Florestan Fernandes (1976, p. 129) se expressou com muita clareza sobre o significado da neutralidade para o cientista social:

"A suposta neutralidade ética constitui uma capitulação às forças irracionais, que combatem à ciência e a tecnologia científica e as submetem ao seu irracionalismo. O primeiro ato de autonomia intelectual do sociólogo desenha-se nesse plano de autoafirmação como e enquanto cientista: a ciência o compromete eticamente tanto com os seus critérios de verdade (e de verificação da verdade), quanto com as transformações do mundo que possam resultar das aplicações de suas descobertas".

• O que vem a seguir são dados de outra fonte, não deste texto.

theorem proposition2:
  fixes M :: "'a measure"
    and X :: "real \<Rightarrow> 'a \<Rightarrow> real"
    and r r1 r2 :: "real \<Rightarrow> real"
    and R :: "'a \<Rightarrow> real"
    and \<Delta> :: "real \<Rightarrow> 'a \<Rightarrow> real"
    and X0 :: "real \<Rightarrow> 'a \<Rightarrow> real"
    and t :: real
  assumes prob: "prob_space M"
    (* X: zero-mean stationary Gaussian process with covariance r *)
    and X_gauss: "gaussian_process M UNIV X"
    and X_mean: "\<And>s. prob_space.expectation M (X s) = 0"
    and X_cov: "\<And>s u. prob_space.expectation M (\<lambda>\<omega>. X s \<omega> * X (s + u) \<omega>) = r u"
    (* r twice continuously differentiable, r''(0) < 0 *)
    and r_d1: "\<And>u. (r has_real_derivative r1 u) (at u)"
    and r_d2: "\<And>u. (r1 has_real_derivative r2 u) (at u)"
    and r2_cont: "continuous_on UNIV r2"
    and r2_neg: "r2 0 < 0"
    (* R standard Rayleigh *)
    and R_distr: "distributed M lborel R rayleigh_density"
    (* Delta: zero-mean Gaussian process on [0,\<infinity>) with the given covariance *)
    and D_gauss: "gaussian_process M {0..} \<Delta>"
    and D_mean: "\<And>s. s \<ge> 0 \<Longrightarrow> prob_space.expectation M (\<Delta> s) = 0"
    and D_cov: "\<And>s u. s \<ge> 0 \<Longrightarrow> u \<ge> 0 \<Longrightarrow>
        prob_space.expectation M (\<lambda>\<omega>. \<Delta> s \<omega> * \<Delta> u \<omega>)
          = r (s - u) - r s * r u / r 0 + r1 s * r1 u / r2 0"
    (* R independent of the process Delta *)
    and indep: "prob_space.indep_set M
                  {R -` A \<inter> space M | A. A \<in> sets borel}
                  {(\<lambda>\<omega>. restrict (\<lambda>s. \<Delta> s \<omega>) {0..}) -` B \<inter> space M
                     | B. B \<in> sets (Pi\<^sub>M {0..} (\<lambda>_. borel :: real measure))}"
    (* Slepian model at level zero *)
    and X0_def: "\<And>s \<omega>. s \<ge> 0 \<Longrightarrow> X0 s \<omega> = - R \<omega> * r1 s / sqrt (- r2 0) + \<Delta> s \<omega>"
    and t_pos: "t > 0"
    and t_r: "\<bar>r t\<bar> < r 0"
  shows "prob_space.expectation M (\<lambda>\<omega>. sgn0 (X0 t \<omega>))
           = - sqrt (r 0 / - r2 0) * (r1 t / sqrt ((r 0)\<^sup>2 - (r t)\<^sup>2))"
proof -
  interpret prob_space M
    by (rule prob)
  define a where "a = r1 t / sqrt (- r2 0)"
  define v where "v = r 0 - (r t)\<^sup>2 / r 0 + (r1 t)\<^sup>2 / r2 0"
  have t: "t \<in> {0..}"
    using t_pos by simp
  have r0: "r 0 > 0"
    using t_r by linarith
  have "\<bar>r t\<bar>\<^sup>2 < (r 0)\<^sup>2"
    using t_r by (intro power_strict_mono) auto
  then have r_sq: "(r 0)\<^sup>2 - (r t)\<^sup>2 > 0"
    by simp
  have indep_t: "indep_var borel R borel (\<Delta> t)"
    using distributed_measurable[OF R_distr] gaussian_process_measurable[OF D_gauss]
    by (intro indep_var_process_component[OF indep _ _ t]) simp_all
  have var_t: "expectation (\<lambda>\<omega>. \<Delta> t \<omega> * \<Delta> t \<omega>) = v"
    using D_cov[of t t] t_pos by (simp add: v_def power2_eq_square)
  have "a\<^sup>2 = - ((r1 t)\<^sup>2 / r2 0)"
    using r2_neg by (simp add: a_def power_divide)
  then have total: "a\<^sup>2 + v = ((r 0)\<^sup>2 - (r t)\<^sup>2) / r 0"
    using r0 by (simp add: v_def diff_divide_distrib power2_eq_square)
  have "X0 t \<omega> = \<Delta> t \<omega> - a * R \<omega>" for \<omega>
    using X0_def[of t \<omega>] t_pos by (simp add: a_def)
  then have "expectation (\<lambda>\<omega>. sgn0 (X0 t \<omega>)) = - a / sqrt (a\<^sup>2 + v)"
    using expectation_sgn0_gaussian_minus_rayleigh[OF gaussian_process_gaussian_rv[OF D_gauss t] D_mean var_t R_distr indep_t] t_pos r0 r_sq
    by (simp add: total)
  also have "\<dots> = - sqrt (r 0 / - r2 0) * (r1 t / sqrt ((r 0)\<^sup>2 - (r t)\<^sup>2))"
    unfolding total unfolding a_def real_sqrt_divide using r0 r2_neg r_sq by (simp add: field_simps)
  finally show ?thesis .
qed

end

Os dois intelectuais brasileiros - Caio Prado Jr. e Florestan Fernandes - identificaram a dupla condição do cientista social, enquanto ser humano e como cientista, o que implica duplo compromisso, com a humanidade e com a ética científica. Essa dupla condição, embora apareça em outras ciências, é muito mais presente nas ciências humanas, pois o objeto de estudo é o social, o homem e suas interações, o que pressupõe inclusão do próprio pesquisador como objeto de análise, como parte integrante do objeto que se está estudando. Para obter resultados cientificamente válidos, o cientista social não pode ignorar essa condição e ao mesmo tempo não pode permitir que o seu julgamento de valor, seus hábitos e seus costumes interfiram nas suas conclusões, impedindo-o de obter dados aceitáveis do seu objeto de pesquisa.

Quando foi perguntado ao cientista social e antropólogo Clifford Geertz "até que ponto a sociedade a que pertence e na qual se faz o trabalho de campo influenciam no trabalho dos antropólogos?", sua resposta indicou, claramente, a necessidade de busca da objetividade. Afirmou que:

"Não há dúvida quanto a isso, todos nós somos, como se diz hoje, 'observadores situados'. A única coisa que se pode fazer a respeito é ter a maior consciência possível desse fato e pensar nisso, não assumir que o modo como vemos as coisas é o modo como as coisas simplesmente são, mas entender. Sim, obviamente, um antropólogo norte-americano ou brasileiro ou um francês verão as coisas de uma maneira algo diferente, e uma das razões é o contexto cultural do qual eles vêm, do qual extraem suas percepções e seus princípios. Não há nada de errado nisso, é inevitável, o erro ocorre quando as pessoas não se conscientizam disso e simplesmente assumem que qualquer sensação que têm não precisa ser confrontada com a realidade. Claro, não há nada semelhante a um observador totalmente neutro e abstrato. Isso não é tão fatal quanto pode soar, só significa que é preciso pensar sobre de onde as pessoas vêm, onde elas estão trabalhando etc...". 

Não podemos esquecer que um dos cuidados que o cientista social deve ter para que proceda com maior objetividade possível na análise de dados sociais é a utilização metódica de técnicas de pesquisa social, que são os instrumentos metodológicos de que dispõe para a abordagem dos fatos sociais.

Extraído na íntegra de:
DIAS, Reinaldo. Introdução à Sociologia. 1.ed. São Paulo, Pearson, 2005, p. 40-42).